That would leave WorldCom with only Sprint’s much-coveted wireless service. That apparently was too high a price to pay for WorldCom’s hard-charging chief executive, Bernard Ebbers, who built his firm through the purchase of MCI and 74 other companies during the last five years.

WorldCom shares rose $2.19 on Tuesday to close at $39.69, and Sprint fell $1.19 to close at $59.38, both on the New York Stock Exchange. The tracking stock for Sprint’s wireless business--considered the main attraction for WorldCom--fell 36 cents to close at $61.14, also on the NYSE.

Mel Marten, an analyst at investment firm Edward Jones, said WorldCom shares rose because investors were relieved to see a resolution to the merger uncertainty. He said Sprint shares fell on the expectation that the company would have other suitors but would probably fetch a lower price than WorldCom’s bid.

If the Sprint-WorldCom marriage is called off, it would be one of the few telecom deals to falter in a booming arena that has undergone a wave of consolidations since Congress passed deregulation legislation in 1996.

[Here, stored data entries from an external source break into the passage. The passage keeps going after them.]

(* Let $E$ be finite, $X_+=E^{\mathbb{Z}_+}$, $X_-=E^{-\mathbb{N}}$, $X=E^{\mathbb{Z}}=X_-\times X_+$. Let $\phi:X_+\to\mathbb{R}$ be continuous and satisfy the extensibility condition, and let $\nu$ be a half-line Gibbs measure for $\phi$. Let $\rho$ be the uniform Bernoulli measure on $X_-$, $\mu_0:=\rho\times\nu$ on $X$, and $\mu_n:=\mu_0\circ S^{-n}$ for $n\ge0$. Assume a subsequence $(\mu_{n_k})_{k\ge0}$ converges in the weak$^*$ topology to a probability measure $\mu$ on $X$. Then for $\mu$-almost every $x\in X$, $$\mu(x_0|x_{-\infty}^{-1},x_1^\infty)=\overset{\rightleftharpoons}{\gamma}^{\phi}_{\{0\}}(x_0|x_{-\infty}^{-1},x_1^\infty)=\lim_{n\to\infty}\frac{\exp(S_{n+1}\phi(x_{-n}^{-1}x_0x_1^\infty))}{\sum_{\bar a_0\in E}\exp(S_{n+1}\phi(x_{-n}^{-1}\bar a_0x_1^\infty))},$$ and hence $\mu$ is a Gibbs measure for the whole-line specification $\overset{\rightleftharpoons}{\gamma}^{\phi}$.
   Context: $S$ is the left shift on $X_+$ and on $X$, $S_n\phi=\sum_{k=0}^{n-1}\phi\circ S^k$; strings like $x_{-n}^{-1}a x_1^\infty$ are viewed as elements of $X_+$ by re-indexing their first coordinate as $0$. Extensibility condition: for all $a_0,b_0\in E$, $\sum_{i=0}^n(\phi(x_{-i}^{-1}b_0x_1^\infty)-\phi(x_{-i}^{-1}a_0x_1^\infty))$ converges uniformly in $x\in X$ as $n\to\infty$. Half-line Gibbs measure: a probability $\nu$ on $X_+$ such that for every $n\ge1$, $\nu(x_0^{n-1}=a_0^{n-1}\mid x_n^\infty)=\frac{\exp(S_n\phi(a_0^{n-1}x_n^\infty))}{\sum_{\bar a_0^{n-1}}\exp(S_n\phi(\bar a_0^{n-1}x_n^\infty))}$ $\nu$-a.s. For $\phi$ extensible, the limits $\overset{\rightleftharpoons}{\gamma}^{\phi}_{\{i\}}(\sigma_i|\omega_{\{i\}^c})=\lim_{p\to\infty}e^{S_{i+p+1}\phi(\omega_{-p}^{i-1}\sigma_i\omega_{i+1}^\infty)}/\sum_{\bar\omega_i}e^{S_{i+p+1}\phi(\omega_{-p}^{i-1}\bar\omega_i\omega_{i+1}^\infty)}$ exist and are the single-site kernels of a unique translation-invariant quasilocal non-null specification $\overset{\rightleftharpoons}{\gamma}^{\phi}$ on $X$; a probability measure on $X$ is Gibbs for it iff for each $i$ the conditional law of $x_i$ given $x_{\{i\}^c}$ is $\overset{\rightleftharpoons}{\gamma}^{\phi}_{\{i\}}$ a.s. *)

theory Defs
  imports "HOL-Probability.Probability"
begin

text \<open>Alphabet E: a finite type with the discrete topology.
  X_+ = nat \<Rightarrow> 'e, X = int \<Rightarrow> 'e (product topologies, Borel sigma-algebras).\<close>

definition Sn :: "((nat \<Rightarrow> 'e) \<Rightarrow> real) \<Rightarrow> nat \<Rightarrow> (nat \<Rightarrow> 'e) \<Rightarrow> real" where
  "Sn \<phi> n z = (\<Sum>k<n. \<phi> (\<lambda>j. z (j + k)))"

text \<open>The string x_{-p}^{i-1} a x_{i+1}^\<infinity>, re-indexed so that its first coordinate
  (the one coming from position -p) becomes 0.\<close>
definition splice :: "(int \<Rightarrow> 'e) \<Rightarrow> int \<Rightarrow> 'e \<Rightarrow> nat \<Rightarrow> (nat \<Rightarrow> 'e)" where
  "splice x i a p = (\<lambda>k. if int k - int p = i then a else x (int k - int p))"

definition extensible :: "((nat \<Rightarrow> 'e) \<Rightarrow> real) \<Rightarrow> bool" where
  "extensible \<phi> \<longleftrightarrow> (\<forall>a0 b0. uniformly_convergent_on UNIV
      (\<lambda>n (x :: int \<Rightarrow> 'e). \<Sum>i\<le>n. (\<phi> (splice x 0 b0 i) - \<phi> (splice x 0 a0 i))))"

definition coord_algebra :: "'i set \<Rightarrow> ('i \<Rightarrow> 'e) measure" where
  "coord_algebra J = sigma UNIV {{y. y j = b} | j b. j \<in> J}"

definition half_line_gibbs :: "((nat \<Rightarrow> 'e::{finite,discrete_topology}) \<Rightarrow> real) \<Rightarrow> (nat \<Rightarrow> 'e) measure \<Rightarrow> bool" where
  "half_line_gibbs \<phi> \<nu> \<longleftrightarrow> prob_space \<nu> \<and> sets \<nu> = sets borel \<and>
     (\<forall>n\<ge>1. \<forall>a :: nat \<Rightarrow> 'e. AE x in \<nu>.
        real_cond_exp \<nu> (coord_algebra {n..}) (indicator {y. \<forall>k<n. y k = a k}) x
        = exp (Sn \<phi> n (\<lambda>k. if k < n then a k else x k))
          / (\<Sum>b\<in>Pi\<^sub>E {..<n} (\<lambda>_. UNIV). exp (Sn \<phi> n (\<lambda>k. if k < n then b k else x k))))"

definition gamma :: "((nat \<Rightarrow> 'e::{finite,discrete_topology}) \<Rightarrow> real) \<Rightarrow> int \<Rightarrow> 'e \<Rightarrow> (int \<Rightarrow> 'e) \<Rightarrow> real" where
  "gamma \<phi> i a x = lim (\<lambda>p. exp (Sn \<phi> (nat (i + int p + 1)) (splice x i a p))
      / (\<Sum>b\<in>UNIV. exp (Sn \<phi> (nat (i + int p + 1)) (splice x i b p))))"

definition whole_line_gibbs :: "((nat \<Rightarrow> 'e::{finite,discrete_topology}) \<Rightarrow> real) \<Rightarrow> (int \<Rightarrow> 'e) measure \<Rightarrow> bool" where
  "whole_line_gibbs \<phi> \<mu> \<longleftrightarrow> prob_space \<mu> \<and> sets \<mu> = sets borel \<and>
     (\<forall>i a. AE x in \<mu>. real_cond_exp \<mu> (coord_algebra (- {i})) (indicator {y. y i = a}) x = gamma \<phi> i a x)"

text \<open>Uniform Bernoulli measure on X_- = E^{-N}, coordinate k standing for position -(k+1).\<close>
definition rho :: "(nat \<Rightarrow> 'e::{finite,discrete_topology}) measure" where
  "rho = PiM UNIV (\<lambda>_. measure_pmf (pmf_of_set UNIV))"

definition glue :: "(nat \<Rightarrow> 'e) \<times> (nat \<Rightarrow> 'e) \<Rightarrow> (int \<Rightarrow> 'e)" where
  "glue uv = (\<lambda>i. if i < 0 then fst uv (nat (- i - 1)) else snd uv (nat i))"

text \<open>mu_0 = rho \<times> nu on X = X_- \<times> X_+, and mu_n = mu_0 \<circ> S^{-n}.\<close>
definition mu0 :: "(nat \<Rightarrow> 'e::{finite,discrete_topology}) measure \<Rightarrow> (int \<Rightarrow> 'e) measure" where
  "mu0 \<nu> = distr (rho \<Otimes>\<^sub>M \<nu>) borel glue"

definition mun :: "(nat \<Rightarrow> 'e::{finite,discrete_topology}) measure \<Rightarrow> nat \<Rightarrow> (int \<Rightarrow> 'e) measure" where
  "mun \<nu> n = distr (mu0 \<nu>) borel (\<lambda>x i. x (i + int n))"

definition weak_star_conv :: "(nat \<Rightarrow> (int \<Rightarrow> 'e::{finite,discrete_topology}) measure) \<Rightarrow> (int \<Rightarrow> 'e) measure \<Rightarrow> bool" where
  "weak_star_conv M \<mu> \<longleftrightarrow> (\<forall>f :: (int \<Rightarrow> 'e) \<Rightarrow> real. continuous_on UNIV f \<longrightarrow>
      (\<lambda>k. integral\<^sup>L (M k) f) \<longlonglongrightarrow> integral\<^sup>L \<mu> f)"

end

(*
  Fix a site i and a finite cylinder event C not involving x_i.  Under mu_n, site i is site
  m = n + i of the nu-half of the configuration, so the half-line Gibbs property of nu on the
  block {0..m}, summed over the value at m, gives
    \<integral> 1_C 1{x_i = a} d mu_n = \<integral> 1_C R_m(a | x) d mu_n,
  where R_m is the finite-volume single-site ratio seen from i.  Extensibility makes R_m converge
  uniformly to a continuous kernel gamma, so the identity passes to the weak-* limit along n_k with
  gamma in place of R_m.  As gamma(a | x) does not depend on x_i and the cylinders avoiding i
  generate the sigma-algebra of the coordinates other than i, gamma is the conditional law of x_i
  under mu.
*)

theory Submission
  imports Defs
begin

lemma one_le_sum_exp:
  fixes u :: "'e::finite \<Rightarrow> real"
  assumes "u a = 0"
  shows "1 \<le> (\<Sum>b\<in>UNIV. exp (u b))"
  using member_le_sum[of a UNIV "\<lambda>b. exp (u b)"] assms by simp

lemma abs_exp_diff_le: "\<bar>exp u - exp v\<bar> \<le> max (exp u) (exp v) * \<bar>u - v :: real\<bar>"
proof -
  have exp_diff_le: "exp p - exp q \<le> exp p * (p - q)" for p q :: real
  proof -
    have "1 - (p - q) \<le> exp (q - p)"
      using exp_ge_add_one_self[of "q - p"] by linarith
    then have "exp p * (1 - (p - q)) \<le> exp p * exp (q - p)"
      by simp
    then show ?thesis
      by (simp add: algebra_simps flip: exp_add)
  qed
  show ?thesis
    using exp_diff_le[of u v] exp_diff_le[of v u]
    by (cases "v \<le> u") (auto simp: abs_if max_def)
qed

text \<open>Both sums are at least \<open>exp (u a) = 1\<close>, which is why no constant appears.\<close>

lemma abs_inverse_sum_exp_diff_le:
  fixes u v :: "'e::finite \<Rightarrow> real"
  assumes "u a = 0" "v a = 0"
  shows "\<bar>1 / (\<Sum>b\<in>UNIV. exp (u b)) - 1 / (\<Sum>b\<in>UNIV. exp (v b))\<bar> \<le> (\<Sum>b\<in>UNIV. \<bar>u b - v b\<bar>)"
proof -
  define S where "S = (\<Sum>b\<in>UNIV. exp (u b))"
  define T where "T = (\<Sum>b\<in>UNIV. exp (v b))"
  have S: "1 \<le> S" and T: "1 \<le> T"
    unfolding S_def T_def using one_le_sum_exp assms by blast+
  have "exp (u b) \<le> S" "exp (v b) \<le> T" for b
    unfolding S_def T_def by (auto intro: member_le_sum)
  then have "max (exp (v b)) (exp (u b)) \<le> S * T" for b
    using S T by (smt (verit) mult_le_cancel_left1 mult_le_cancel_right1)
  then have pointwise: "\<bar>exp (v b) - exp (u b)\<bar> \<le> (S * T) * \<bar>u b - v b\<bar>" for b
    using abs_exp_diff_le[of "v b" "u b"]
    by (smt (verit, best) abs_ge_zero abs_minus_commute mult_right_mono)
  have "\<bar>T - S\<bar> = \<bar>\<Sum>b\<in>UNIV. exp (v b) - exp (u b)\<bar>"
    by (simp add: S_def T_def sum_subtractf)
  also have "\<dots> \<le> (\<Sum>b\<in>UNIV. (S * T) * \<bar>u b - v b\<bar>)"
    using order_trans[OF sum_abs sum_mono] pointwise by meson
  finally have "\<bar>T - S\<bar> \<le> (S * T) * (\<Sum>b\<in>UNIV. \<bar>u b - v b\<bar>)"
    by (simp add: sum_distrib_left)
  moreover have "\<bar>1 / S - 1 / T\<bar> = \<bar>T - S\<bar> / (S * T)"
    using S T by (simp add: field_simps abs_div)
  ultimately show ?thesis
    using S T unfolding S_def T_def by (simp add: divide_le_eq mult.commute)
qed

lemma abs_mult_le_of_abs_le_1:
  assumes "\<bar>x\<bar> \<le> B" "\<bar>y\<bar> \<le> 1"
  shows "\<bar>x * y :: real\<bar> \<le> B"
proof -
  have "\<bar>x\<bar> * \<bar>y\<bar> \<le> \<bar>x\<bar>"
    using assms(2) by (intro mult_left_le) auto
  then show ?thesis
    using assms(1) by (simp add: abs_mult)
qed

lemma (in finite_measure) integrable_abs_bounded:
  "f \<in> borel_measurable M \<Longrightarrow> (\<And>x. \<bar>f x\<bar> \<le> B) \<Longrightarrow> integrable M (f :: _ \<Rightarrow> real)"
  by (rule integrable_const_bound[of _ B]) auto

lemma (in prob_space) abs_integral_diff_le:
  assumes "integrable M f" "integrable M g" "\<And>x. \<bar>f x - g x\<bar> \<le> (e :: real)"
  shows "\<bar>(\<integral>x. f x \<partial>M) - (\<integral>x. g x \<partial>M)\<bar> \<le> e"
proof -
  have "\<bar>\<integral>x. f x - g x \<partial>M\<bar> \<le> (\<integral>x. \<bar>f x - g x\<bar> \<partial>M)"
    by (rule integral_abs_bound)
  also have "\<dots> \<le> (\<integral>x. e \<partial>M)"
    using assms(3) by (intro integral_mono integrable_abs Bochner_Integration.integrable_diff assms(1,2)) auto
  finally have "\<bar>\<integral>x. f x - g x \<partial>M\<bar> \<le> e"
    by (simp add: prob_space)
  then show ?thesis
    using assms(1,2) by (simp add: Bochner_Integration.integral_diff)
qed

The federal law was supposed to produce greater competition and lower prices. But critics say it has mostly paved the way for a string of mega-mergers, including last year’s $81-billion purchase of Ameritech Corp. by SBC Communications Inc. and the $65-billion union of Bell Atlantic Corp. and GTE Corp. this year that created Verizon Communications, the nation’s largest local and wireless telephone company.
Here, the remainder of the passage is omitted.